_Records for the exercise_
▬▬▬▬▬▬▬▬▬▬

lemma eps_mult: "eps (a * b) = eps a * eps b"
proof -
  have bil: "bilinear_map scale (*) (\<lambda>x y. eps x * eps y)"
    by (rule bilinear_mapI)
      (simp_all add: vector_space_axioms vector_space_field_mult algebra_simps
        linear_map_add[OF eps_linear] linear_map_scale[OF eps_linear])
  have left: "eval_Delta (\<lambda>x y. eps x * eps (y * b)) a = eps (a * b)"
    using linear_map_eval_Delta[OF linear_map_compose[OF linear_mult_right[of b] eps_linear],
        of "\<lambda>x y. scale (eps x) y" a]
    by (simp add: eval_Delta_counit_left scale_mult_left[symmetric] linear_map_scale[OF eps_linear])
  have right: "eval_Delta (\<lambda>x y. eps (a * x) * eps y) b = eps (a * b)"
    using linear_map_eval_Delta[OF linear_map_compose[OF linear_mult_left[of a] eps_linear],
        of "\<lambda>x y. scale (eps y) x" b]
    by (simp add: eval_Delta_counit_right scale_mult_right[symmetric] linear_map_scale[OF eps_linear]
        mult.commute)
  show ?thesis
    using eval_Delta_mult[OF vector_space_field_mult bil, of a b]
    by (simp add: eval_Delta_eps_eps left right)
qed

end

context inf_hopf
begin

lemma eval_Delta_id_S: "eval_Delta (\<lambda>x y. x * S y) a = scale (eps a) 1"
  and eval_Delta_S_id: "eval_Delta (\<lambda>x y. S x * y) a = scale (eps a) 1"
  using fun_cong[OF antipode_right, of a] fun_cong[OF antipode_left, of a]
  by (simp_all add: conv_def eval_Delta_def)

text \<open>\<open>y\<^sub>1 S(y\<^sub>2 b)\<close>: the right antipode identity for \<open>y b\<close>, expanded by the infinitesimal rule.\<close>

lemma eval_Delta_mult_S_mult:
  "eval_Delta (\<lambda>x y. x * S (y * b)) c = scale (eps c * eps b) 1 - scale (eps b) c + c * S b"
proof -
  have bil: "bilinear_map scale scale (\<lambda>x y. x * S y)"
    by (rule bilinear_mapI)
      (simp_all add: vector_space_axioms distrib_left distrib_right linear_map_add[OF S_linear]
        linear_map_scale[OF S_linear] flip: scale_mult_left scale_mult_right)
  have "eval_Delta (\<lambda>x y. c * x * S y) b = scale (eps b) c"
    using linear_map_eval_Delta[OF linear_mult_left, of c "\<lambda>x y. x * S y" b]
    by (simp add: eval_Delta_id_S mult.assoc flip: scale_mult_right)
  then show ?thesis
    using eval_Delta_mult[OF vector_space_axioms bil, of c b]
    by (simp add: eval_Delta_id_S eps_mult algebra_simps)
qed

lemma antipode_mult:
  "S (a * b) = scale (eps a) (S b) + scale (eps b) (S a) - scale (eps a * eps b) 1"
proof -
  have tril: "trilinear_map scale scale (\<lambda>p q y. S p * q * S (y * b))"
    by (rule trilinear_mapI)
      (simp_all add: vector_space_axioms distrib_left distrib_right linear_map_add[OF S_linear]
        linear_map_scale[OF S_linear] flip: scale_mult_left scale_mult_right)
  have antipode_factor: "S (scale (eps x) y * b) = eval_Delta (\<lambda>p q. S p * q * S (y * b)) x" for x y
    using linear_map_eval_Delta[OF linear_mult_right[of "S (y * b)"], of "\<lambda>p q. S p * q" x]
    by (simp add: eval_Delta_S_id linear_map_scale[OF S_linear] flip: scale_mult_left)
  have "S (a * b) = eval_Delta (\<lambda>x y. S (scale (eps x) y * b)) a"
    using linear_map_eval_Delta[OF linear_map_compose[OF linear_mult_right[of b] S_linear],
        of "\<lambda>x y. scale (eps x) y" a]
    by (simp add: eval_Delta_counit_left)
  also have "\<dots> = eval_Delta (\<lambda>x y. eval_Delta (\<lambda>p q. S p * q * S (y * b)) x) a"
    by (simp add: antipode_factor)
  also have "\<dots> = eval_Delta (\<lambda>x y. eval_Delta (\<lambda>p q. S x * p * S (q * b)) y) a"
    by (rule eval_Delta_coassoc[OF vector_space_axioms tril])
  also have "\<dots> = eval_Delta (\<lambda>x y. S x * eval_Delta (\<lambda>p q. p * S (q * b)) y) a"
    using linear_map_eval_Delta[OF linear_mult_left] by (simp add: mult.assoc)
  also have "\<dots> = eval_Delta (\<lambda>x y. scale (eps b) (scale (eps y) (S x))
      - scale (eps b) (S x * y) + S x * y * S b) a"
    by (simp add: eval_Delta_mult_S_mult algebra_simps flip: scale_mult_right)
  also have "\<dots> = scale (eps b) (S a) - scale (eps b) (scale (eps a) 1) + scale (eps a) 1 * S b"
  proof -
    have "eval_Delta (\<lambda>x y. scale (eps y) (S x)) a = S a"
      using linear_map_eval_Delta[OF S_linear, of "\<lambda>x y. scale (eps y) x" a]
      by (simp add: eval_Delta_counit_right linear_map_scale[OF S_linear])
    moreover have "eval_Delta (\<lambda>x y. scale (eps b) (S x * y)) a = scale (eps b) (scale (eps a) 1)"
      using linear_map_eval_Delta[OF linear_scale_self[of "eps b"], of "\<lambda>x y. S x * y" a]
      by (simp add: eval_Delta_S_id)
    moreover have "eval_Delta (\<lambda>x y. S x * y * S b) a = scale (eps a) 1 * S b"
      using linear_map_eval_Delta[OF linear_mult_right[of "S b"], of "\<lambda>x y. S x * y" a]
      by (simp add: eval_Delta_S_id)
    ultimately show ?thesis
      using linear_map_eval_Delta[OF linear_scale_self[of "eps b"], of "\<lambda>x y. scale (eps y) (S x)" a]
      by (simp add: eval_Delta_add eval_Delta_diff)
  qed
  finally show ?thesis
    by (simp add: algebra_simps flip: scale_mult_left)
qed

text \<open>\<open>y\<^sub>1 \<Delta>(S y\<^sub>2)\<close>, tested against \<open>\<rho>\<close>: expand \<open>\<Delta>(y\<^sub>1 S y\<^sub>2) = \<epsilon>(y) 1 \<otimes> 1\<close> by the
  infinitesimal rule.\<close>

lemma eval_Delta_mult_Delta_S:
  assumes rho: "bilinear_map scale (*) \<rho>"
  shows "eval_Delta (\<lambda>p q. eval_Delta (\<lambda>u v. \<rho> (p * u) v) (S q)) y
    = eps y * \<rho> 1 1 - \<rho> y 1 + eval_Delta (\<lambda>p q. \<rho> p (S q)) y"
proof -
  note K = vector_space_field_mult
  have lin: "Vector_Spaces.linear scale (*) (eval_Delta \<rho>)"
    by (rule linear_eval_Delta[OF K rho])
  have tril: "trilinear_map scale (*) (\<lambda>u v q. \<rho> u (v * S q))"
    by (rule trilinear_mapI)
      (simp_all add: vector_space_axioms K distrib_right linear_map_add[OF S_linear]
        linear_map_scale[OF S_linear] bilinear_map_add_left[OF rho] bilinear_map_add_right[OF rho]
        bilinear_map_scale_left[OF rho] bilinear_map_scale_right[OF rho] distrib_left
        flip: scale_mult_left scale_mult_right)
  have coassoc_term: "eval_Delta (\<lambda>p q. eval_Delta (\<lambda>u v. \<rho> u (v * S q)) p) y = \<rho> y 1"
  proof -
    have "eval_Delta (\<lambda>p q. eval_Delta (\<lambda>u v. \<rho> u (v * S q)) p) y
        = eval_Delta (\<lambda>p q. eval_Delta (\<lambda>u v. \<rho> p (u * S v)) q) y"
      by (rule eval_Delta_coassoc[OF K tril])
    also have "\<dots> = eval_Delta (\<lambda>p q. \<rho> (scale (eps q) p) 1) y"
      by (simp add: linear_map_eval_Delta[OF bilinear_map_linear_right[OF rho], symmetric]
          eval_Delta_id_S bilinear_map_scale_left[OF rho] bilinear_map_scale_right[OF rho])
    also have "\<dots> = \<rho> y 1"
      using linear_map_eval_Delta[OF bilinear_map_linear_left[OF rho], of "\<lambda>p q. scale (eps q) p" y]
      by (simp add: eval_Delta_counit_right)
    finally show ?thesis .
  qed
  have "eps y * \<rho> 1 1 = eval_Delta \<rho> (scale (eps y) 1)"
    by (simp add: linear_map_scale[OF lin] eval_Delta_one[OF K rho])
  also have "\<dots> = eval_Delta (\<lambda>p q. eval_Delta \<rho> (p * S q)) y"
    using linear_map_eval_Delta[OF lin, of "\<lambda>p q. p * S q" y] by (simp add: eval_Delta_id_S)
  also have "\<dots> = \<rho> y 1 + eval_Delta (\<lambda>p q. eval_Delta (\<lambda>u v. \<rho> (p * u) v) (S q)) y
      - eval_Delta (\<lambda>p q. \<rho> p (S q)) y"
    by (simp add: eval_Delta_mult[OF K rho] eval_Delta_add eval_Delta_diff coassoc_term)
  finally show ?thesis by (simp add: algebra_simps)
qed

lemma eval_Delta_S_mult_S:
  assumes beta: "bilinear_map scale (*) \<beta>"
  shows "eval_Delta (\<lambda>x y. eval_Delta (\<lambda>p q. \<beta> (S x * p) (S q)) y) a = \<beta> 1 (S a)"
proof -
  have tril: "trilinear_map scale (*) (\<lambda>x p q. \<beta> (S x * p) (S q))"
    by (rule trilinear_mapI)
      (simp_all add: vector_space_axioms vector_space_field_mult distrib_left distrib_right
        linear_map_add[OF S_linear] linear_map_scale[OF S_linear]
        bilinear_map_add_left[OF beta] bilinear_map_add_right[OF beta]
        bilinear_map_scale_left[OF beta] bilinear_map_scale_right[OF beta]
        flip: scale_mult_left scale_mult_right)
  have "eval_Delta (\<lambda>x y. eval_Delta (\<lambda>p q. \<beta> (S x * p) (S q)) y) a
      = eval_Delta (\<lambda>x y. eval_Delta (\<lambda>p q. \<beta> (S p * q) (S y)) x) a"
    by (rule eval_Delta_coassoc[OF vector_space_field_mult tril, symmetric])
  also have "\<dots> = eval_Delta (\<lambda>x y. \<beta> 1 (scale (eps x) (S y))) a"
    by (simp add: linear_map_eval_Delta[OF bilinear_map_linear_left[OF beta], symmetric]
        eval_Delta_S_id bilinear_map_scale_left[OF beta] bilinear_map_scale_right[OF beta])
  also have "\<dots> = \<beta> 1 (S a)"
    using linear_map_eval_Delta[OF linear_map_compose[OF S_linear bilinear_map_linear_right[OF beta, of 1]],
        of "\<lambda>x y. scale (eps x) y" a]
    by (simp add: eval_Delta_counit_left linear_map_scale[OF S_linear])
  finally show ?thesis .
qed

lemma bilinear_map_eval_Delta_left_mult_S:
  assumes beta: "bilinear_map scale (*) \<beta>"
  shows "bilinear_map scale (*) (\<lambda>u y. eval_Delta (\<lambda>p q. \<beta> (u * p) q) (S y))"
  unfolding bilinear_map_def
proof (intro conjI allI)
  fix u y
  show "Vector_Spaces.linear scale (*) (\<lambda>y. eval_Delta (\<lambda>p q. \<beta> (u * p) q) (S y))"
    using linear_eval_Delta[OF vector_space_field_mult bilinear_map_compose_left[OF beta linear_mult_left]]
    by (rule linear_map_compose[OF S_linear])
  show "Vector_Spaces.linear scale (*) (\<lambda>u. eval_Delta (\<lambda>p q. \<beta> (u * p) q) (S y))"
    by (rule linear_eval_Delta_family[OF vector_space_field_mult])
      (rule linear_map_compose[OF linear_mult_right bilinear_map_linear_left[OF beta]])
qed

▬▬▬▬▬▬▬▬▬▬

_Instructions for the task_
Give an exact copy of the lines above from the line with "linear_map_add[OF eps_linear] linear_map_scale[OF" up to and including the line with "by (simp add: eval_Delta_counit_left scale_mult_left[symmetric]", and leave everything else out.

_Completed task_
        linear_map_add[OF eps_linear] linear_map_scale[OF eps_linear])
  have left: "eval_Delta (\<lambda>x y. eps x * eps (y * b)) a = eps (a * b)"
    using linear_map_eval_Delta[OF linear_map_compose[OF linear_mult_right[of b] eps_linear],
        of "\<lambda>x y. scale (eps x) y" a]
    by (simp add: eval_Delta_counit_left scale_mult_left[symmetric] linear_map_scale[OF eps_linear])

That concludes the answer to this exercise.